● Your task: Look below for the line holding "by (rule LIMSEQ_le_const2)" and the line holding "c * (indicator". Transcribe exactly those lines and all lines between them, nothing more.

Stored items
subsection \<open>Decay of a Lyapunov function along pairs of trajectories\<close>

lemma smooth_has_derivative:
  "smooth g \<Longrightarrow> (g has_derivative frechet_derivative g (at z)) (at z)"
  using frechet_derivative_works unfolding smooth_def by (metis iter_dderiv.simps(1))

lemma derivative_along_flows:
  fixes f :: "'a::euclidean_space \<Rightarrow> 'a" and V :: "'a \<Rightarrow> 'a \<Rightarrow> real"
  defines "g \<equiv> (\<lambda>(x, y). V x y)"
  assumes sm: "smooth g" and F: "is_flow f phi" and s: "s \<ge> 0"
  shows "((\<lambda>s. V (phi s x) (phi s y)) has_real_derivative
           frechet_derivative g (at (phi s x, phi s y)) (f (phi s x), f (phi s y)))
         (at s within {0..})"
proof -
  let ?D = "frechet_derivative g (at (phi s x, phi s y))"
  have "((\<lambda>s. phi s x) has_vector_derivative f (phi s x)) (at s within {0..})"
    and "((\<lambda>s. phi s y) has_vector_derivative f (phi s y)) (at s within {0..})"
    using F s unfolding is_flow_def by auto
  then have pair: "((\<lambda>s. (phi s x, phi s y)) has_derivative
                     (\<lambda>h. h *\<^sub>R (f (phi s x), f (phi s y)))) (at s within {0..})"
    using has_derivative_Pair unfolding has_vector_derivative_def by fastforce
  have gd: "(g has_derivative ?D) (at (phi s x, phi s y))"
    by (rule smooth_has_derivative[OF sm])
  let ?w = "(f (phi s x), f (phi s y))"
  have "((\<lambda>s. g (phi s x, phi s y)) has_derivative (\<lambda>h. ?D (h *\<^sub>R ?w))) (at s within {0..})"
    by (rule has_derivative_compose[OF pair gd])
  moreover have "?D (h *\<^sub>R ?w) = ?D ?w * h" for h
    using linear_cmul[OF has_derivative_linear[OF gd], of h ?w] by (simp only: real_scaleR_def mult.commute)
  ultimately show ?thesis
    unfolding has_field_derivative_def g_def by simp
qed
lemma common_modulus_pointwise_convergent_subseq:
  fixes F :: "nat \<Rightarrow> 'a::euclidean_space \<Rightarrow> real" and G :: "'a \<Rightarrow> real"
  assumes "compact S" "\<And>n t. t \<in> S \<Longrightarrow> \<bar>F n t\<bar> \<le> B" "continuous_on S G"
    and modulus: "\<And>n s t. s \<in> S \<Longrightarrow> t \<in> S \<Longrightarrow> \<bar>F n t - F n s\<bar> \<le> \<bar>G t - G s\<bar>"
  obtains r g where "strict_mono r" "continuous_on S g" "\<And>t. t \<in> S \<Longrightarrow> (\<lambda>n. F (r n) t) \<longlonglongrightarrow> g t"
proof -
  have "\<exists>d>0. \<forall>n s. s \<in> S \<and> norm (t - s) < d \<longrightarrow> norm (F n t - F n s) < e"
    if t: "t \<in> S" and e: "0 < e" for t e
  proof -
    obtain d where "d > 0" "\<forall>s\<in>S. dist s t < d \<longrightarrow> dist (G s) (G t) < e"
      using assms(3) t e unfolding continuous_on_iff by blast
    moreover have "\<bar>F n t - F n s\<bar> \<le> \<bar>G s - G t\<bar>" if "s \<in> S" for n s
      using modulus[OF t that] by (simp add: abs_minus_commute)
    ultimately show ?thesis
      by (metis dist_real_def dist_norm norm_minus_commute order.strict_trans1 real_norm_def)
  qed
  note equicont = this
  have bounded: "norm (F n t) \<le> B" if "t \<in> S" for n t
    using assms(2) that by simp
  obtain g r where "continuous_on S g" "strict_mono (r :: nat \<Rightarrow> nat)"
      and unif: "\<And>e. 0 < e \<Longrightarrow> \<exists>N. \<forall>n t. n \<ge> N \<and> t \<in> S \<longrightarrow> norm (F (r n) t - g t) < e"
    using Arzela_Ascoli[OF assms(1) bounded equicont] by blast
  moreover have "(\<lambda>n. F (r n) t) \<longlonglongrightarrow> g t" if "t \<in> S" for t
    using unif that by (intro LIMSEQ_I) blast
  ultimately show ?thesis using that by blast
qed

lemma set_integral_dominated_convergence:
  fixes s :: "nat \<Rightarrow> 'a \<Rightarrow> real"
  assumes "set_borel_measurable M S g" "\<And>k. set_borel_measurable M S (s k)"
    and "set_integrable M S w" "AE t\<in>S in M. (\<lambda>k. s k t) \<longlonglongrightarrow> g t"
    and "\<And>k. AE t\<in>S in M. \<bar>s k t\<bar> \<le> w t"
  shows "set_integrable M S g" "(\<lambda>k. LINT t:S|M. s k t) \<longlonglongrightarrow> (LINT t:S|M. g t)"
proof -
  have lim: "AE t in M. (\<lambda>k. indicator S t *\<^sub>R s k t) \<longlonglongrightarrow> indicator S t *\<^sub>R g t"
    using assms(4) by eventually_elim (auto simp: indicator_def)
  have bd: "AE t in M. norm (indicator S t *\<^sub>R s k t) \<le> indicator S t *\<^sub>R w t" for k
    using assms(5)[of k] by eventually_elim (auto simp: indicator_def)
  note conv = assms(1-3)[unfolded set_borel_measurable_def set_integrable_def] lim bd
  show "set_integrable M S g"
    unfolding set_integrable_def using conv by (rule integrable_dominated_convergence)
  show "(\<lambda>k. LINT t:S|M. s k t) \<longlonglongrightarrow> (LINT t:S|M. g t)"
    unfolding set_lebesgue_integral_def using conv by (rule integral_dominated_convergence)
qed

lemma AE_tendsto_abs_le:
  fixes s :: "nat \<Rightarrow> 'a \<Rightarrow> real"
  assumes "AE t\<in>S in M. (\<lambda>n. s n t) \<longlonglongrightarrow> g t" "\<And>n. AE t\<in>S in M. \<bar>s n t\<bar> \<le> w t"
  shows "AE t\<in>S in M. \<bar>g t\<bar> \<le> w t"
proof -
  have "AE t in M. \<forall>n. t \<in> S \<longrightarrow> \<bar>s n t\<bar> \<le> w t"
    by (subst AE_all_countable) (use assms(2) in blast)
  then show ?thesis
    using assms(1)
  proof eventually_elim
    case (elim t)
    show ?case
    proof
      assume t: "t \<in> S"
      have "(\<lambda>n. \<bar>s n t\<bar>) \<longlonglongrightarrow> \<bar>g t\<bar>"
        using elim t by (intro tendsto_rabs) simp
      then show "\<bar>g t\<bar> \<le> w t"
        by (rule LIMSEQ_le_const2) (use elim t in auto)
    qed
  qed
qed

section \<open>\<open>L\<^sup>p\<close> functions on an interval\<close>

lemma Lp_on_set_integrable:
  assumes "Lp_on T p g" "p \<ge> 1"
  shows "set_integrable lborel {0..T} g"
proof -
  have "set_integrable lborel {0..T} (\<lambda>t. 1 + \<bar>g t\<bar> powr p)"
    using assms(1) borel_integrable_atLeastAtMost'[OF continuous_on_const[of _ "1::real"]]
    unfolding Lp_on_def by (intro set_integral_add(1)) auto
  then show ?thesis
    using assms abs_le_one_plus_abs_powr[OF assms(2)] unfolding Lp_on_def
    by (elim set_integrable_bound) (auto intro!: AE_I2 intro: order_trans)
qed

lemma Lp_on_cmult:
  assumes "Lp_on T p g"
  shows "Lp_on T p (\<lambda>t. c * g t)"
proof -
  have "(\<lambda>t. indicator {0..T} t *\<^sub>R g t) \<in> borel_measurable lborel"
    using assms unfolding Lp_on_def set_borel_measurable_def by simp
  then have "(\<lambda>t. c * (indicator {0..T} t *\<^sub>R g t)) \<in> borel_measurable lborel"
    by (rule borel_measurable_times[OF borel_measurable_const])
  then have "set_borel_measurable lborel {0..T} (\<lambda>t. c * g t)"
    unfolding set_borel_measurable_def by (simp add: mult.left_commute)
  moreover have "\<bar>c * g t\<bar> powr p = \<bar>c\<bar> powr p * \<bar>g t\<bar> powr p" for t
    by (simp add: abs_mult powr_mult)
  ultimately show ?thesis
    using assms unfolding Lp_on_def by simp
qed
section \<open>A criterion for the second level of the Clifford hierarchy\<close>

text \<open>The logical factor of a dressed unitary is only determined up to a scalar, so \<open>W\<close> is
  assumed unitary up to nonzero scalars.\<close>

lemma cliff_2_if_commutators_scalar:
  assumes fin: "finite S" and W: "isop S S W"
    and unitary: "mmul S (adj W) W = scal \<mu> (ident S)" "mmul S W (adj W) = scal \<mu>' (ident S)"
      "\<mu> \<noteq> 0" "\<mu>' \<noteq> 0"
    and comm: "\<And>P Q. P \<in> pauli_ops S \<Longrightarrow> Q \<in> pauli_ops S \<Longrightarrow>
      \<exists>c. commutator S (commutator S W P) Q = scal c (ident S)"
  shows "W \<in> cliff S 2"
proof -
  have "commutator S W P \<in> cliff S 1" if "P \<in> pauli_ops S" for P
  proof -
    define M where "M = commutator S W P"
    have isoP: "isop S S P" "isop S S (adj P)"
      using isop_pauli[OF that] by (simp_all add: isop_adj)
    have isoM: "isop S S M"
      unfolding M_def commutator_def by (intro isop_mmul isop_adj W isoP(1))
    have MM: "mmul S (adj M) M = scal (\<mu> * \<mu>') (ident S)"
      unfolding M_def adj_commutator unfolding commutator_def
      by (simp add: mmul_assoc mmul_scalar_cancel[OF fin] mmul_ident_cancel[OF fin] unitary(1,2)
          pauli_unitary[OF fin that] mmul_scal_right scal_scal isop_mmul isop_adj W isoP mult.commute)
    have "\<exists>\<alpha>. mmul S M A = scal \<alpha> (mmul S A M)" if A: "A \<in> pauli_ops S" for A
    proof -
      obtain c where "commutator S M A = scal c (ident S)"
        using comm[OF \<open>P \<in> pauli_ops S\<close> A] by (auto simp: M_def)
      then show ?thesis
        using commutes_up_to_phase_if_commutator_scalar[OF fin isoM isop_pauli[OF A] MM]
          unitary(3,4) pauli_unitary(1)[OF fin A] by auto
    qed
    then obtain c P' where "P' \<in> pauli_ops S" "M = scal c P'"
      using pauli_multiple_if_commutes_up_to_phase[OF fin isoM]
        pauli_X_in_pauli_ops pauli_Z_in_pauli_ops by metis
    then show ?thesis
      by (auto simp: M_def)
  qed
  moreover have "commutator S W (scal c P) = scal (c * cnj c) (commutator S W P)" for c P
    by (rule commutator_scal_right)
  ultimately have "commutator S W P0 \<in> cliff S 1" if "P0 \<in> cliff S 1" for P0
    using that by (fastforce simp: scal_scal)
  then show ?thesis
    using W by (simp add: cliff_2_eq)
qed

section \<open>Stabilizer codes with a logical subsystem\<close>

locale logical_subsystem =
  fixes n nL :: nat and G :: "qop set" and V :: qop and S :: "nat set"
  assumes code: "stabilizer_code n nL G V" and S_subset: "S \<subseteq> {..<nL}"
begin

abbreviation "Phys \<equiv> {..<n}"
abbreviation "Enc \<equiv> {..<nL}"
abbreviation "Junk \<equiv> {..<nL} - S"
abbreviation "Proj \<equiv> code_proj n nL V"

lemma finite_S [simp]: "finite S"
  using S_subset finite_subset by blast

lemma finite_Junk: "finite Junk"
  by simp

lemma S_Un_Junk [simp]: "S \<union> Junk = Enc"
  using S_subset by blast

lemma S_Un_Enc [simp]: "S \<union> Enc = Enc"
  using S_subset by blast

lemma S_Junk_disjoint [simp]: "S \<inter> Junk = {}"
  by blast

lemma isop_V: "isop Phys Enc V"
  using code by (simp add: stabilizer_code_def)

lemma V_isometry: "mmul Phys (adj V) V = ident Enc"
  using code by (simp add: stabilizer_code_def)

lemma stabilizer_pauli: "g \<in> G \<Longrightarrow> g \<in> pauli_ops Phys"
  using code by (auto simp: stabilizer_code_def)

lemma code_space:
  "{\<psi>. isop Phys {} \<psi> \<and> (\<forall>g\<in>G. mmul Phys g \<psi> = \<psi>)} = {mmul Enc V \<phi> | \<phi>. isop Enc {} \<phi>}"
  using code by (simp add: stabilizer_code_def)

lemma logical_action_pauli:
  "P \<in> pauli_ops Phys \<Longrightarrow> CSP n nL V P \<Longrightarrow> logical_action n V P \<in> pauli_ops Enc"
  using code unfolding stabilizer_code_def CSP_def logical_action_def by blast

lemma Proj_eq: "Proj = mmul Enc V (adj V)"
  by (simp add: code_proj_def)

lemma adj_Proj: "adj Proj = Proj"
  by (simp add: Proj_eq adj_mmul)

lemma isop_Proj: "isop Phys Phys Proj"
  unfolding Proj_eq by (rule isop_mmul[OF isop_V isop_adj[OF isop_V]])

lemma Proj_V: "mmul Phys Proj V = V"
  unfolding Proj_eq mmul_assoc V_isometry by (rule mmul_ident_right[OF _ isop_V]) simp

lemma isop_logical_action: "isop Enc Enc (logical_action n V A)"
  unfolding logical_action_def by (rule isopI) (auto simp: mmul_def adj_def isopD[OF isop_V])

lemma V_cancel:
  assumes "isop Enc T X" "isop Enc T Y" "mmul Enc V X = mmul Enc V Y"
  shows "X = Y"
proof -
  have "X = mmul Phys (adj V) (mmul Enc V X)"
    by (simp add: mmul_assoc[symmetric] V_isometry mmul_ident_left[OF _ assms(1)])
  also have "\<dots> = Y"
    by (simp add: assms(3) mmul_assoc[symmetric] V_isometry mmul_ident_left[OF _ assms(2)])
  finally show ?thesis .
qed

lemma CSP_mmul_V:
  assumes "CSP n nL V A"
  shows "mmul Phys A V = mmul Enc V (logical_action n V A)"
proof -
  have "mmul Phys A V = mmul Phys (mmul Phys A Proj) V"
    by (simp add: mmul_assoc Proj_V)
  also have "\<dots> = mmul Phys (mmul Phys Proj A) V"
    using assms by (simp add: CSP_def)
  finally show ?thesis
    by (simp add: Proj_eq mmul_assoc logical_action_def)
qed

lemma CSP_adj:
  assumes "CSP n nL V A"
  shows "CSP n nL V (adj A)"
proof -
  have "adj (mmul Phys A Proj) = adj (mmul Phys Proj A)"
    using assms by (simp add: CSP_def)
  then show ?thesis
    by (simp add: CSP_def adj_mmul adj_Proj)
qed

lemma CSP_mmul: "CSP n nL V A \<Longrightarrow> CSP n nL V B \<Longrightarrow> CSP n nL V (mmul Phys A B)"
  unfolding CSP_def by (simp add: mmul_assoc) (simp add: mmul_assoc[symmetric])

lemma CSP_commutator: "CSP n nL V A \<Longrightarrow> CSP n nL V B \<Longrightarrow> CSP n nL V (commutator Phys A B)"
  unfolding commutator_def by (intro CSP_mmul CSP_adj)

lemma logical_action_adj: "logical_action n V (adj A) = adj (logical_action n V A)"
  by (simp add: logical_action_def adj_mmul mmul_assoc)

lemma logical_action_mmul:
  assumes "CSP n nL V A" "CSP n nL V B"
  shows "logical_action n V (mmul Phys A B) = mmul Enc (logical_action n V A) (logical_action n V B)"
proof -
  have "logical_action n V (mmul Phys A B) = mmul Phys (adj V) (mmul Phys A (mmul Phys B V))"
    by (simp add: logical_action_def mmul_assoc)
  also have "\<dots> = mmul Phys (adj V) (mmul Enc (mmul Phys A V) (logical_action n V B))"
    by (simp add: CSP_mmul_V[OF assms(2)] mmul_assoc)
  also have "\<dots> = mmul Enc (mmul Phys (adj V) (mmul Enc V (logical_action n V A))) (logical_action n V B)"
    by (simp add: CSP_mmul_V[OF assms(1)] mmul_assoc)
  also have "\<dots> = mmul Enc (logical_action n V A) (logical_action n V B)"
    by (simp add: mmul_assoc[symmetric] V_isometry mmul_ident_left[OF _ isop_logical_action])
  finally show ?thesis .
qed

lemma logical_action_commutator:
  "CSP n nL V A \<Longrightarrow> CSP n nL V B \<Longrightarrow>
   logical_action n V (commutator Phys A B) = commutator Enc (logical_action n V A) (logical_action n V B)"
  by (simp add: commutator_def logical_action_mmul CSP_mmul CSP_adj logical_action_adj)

● Answer:
        by (rule LIMSEQ_le_const2) (use elim t in auto)
    qed
  qed
qed

section \<open>\<open>L\<^sup>p\<close> functions on an interval\<close>

lemma Lp_on_set_integrable:
  assumes "Lp_on T p g" "p \<ge> 1"
  shows "set_integrable lborel {0..T} g"
proof -
  have "set_integrable lborel {0..T} (\<lambda>t. 1 + \<bar>g t\<bar> powr p)"
    using assms(1) borel_integrable_atLeastAtMost'[OF continuous_on_const[of _ "1::real"]]
    unfolding Lp_on_def by (intro set_integral_add(1)) auto
  then show ?thesis
    using assms abs_le_one_plus_abs_powr[OF assms(2)] unfolding Lp_on_def
    by (elim set_integrable_bound) (auto intro!: AE_I2 intro: order_trans)
qed

lemma Lp_on_cmult:
  assumes "Lp_on T p g"
  shows "Lp_on T p (\<lambda>t. c * g t)"
proof -
  have "(\<lambda>t. indicator {0..T} t *\<^sub>R g t) \<in> borel_measurable lborel"
    using assms unfolding Lp_on_def set_borel_measurable_def by simp
  then have "(\<lambda>t. c * (indicator {0..T} t *\<^sub>R g t)) \<in> borel_measurable lborel"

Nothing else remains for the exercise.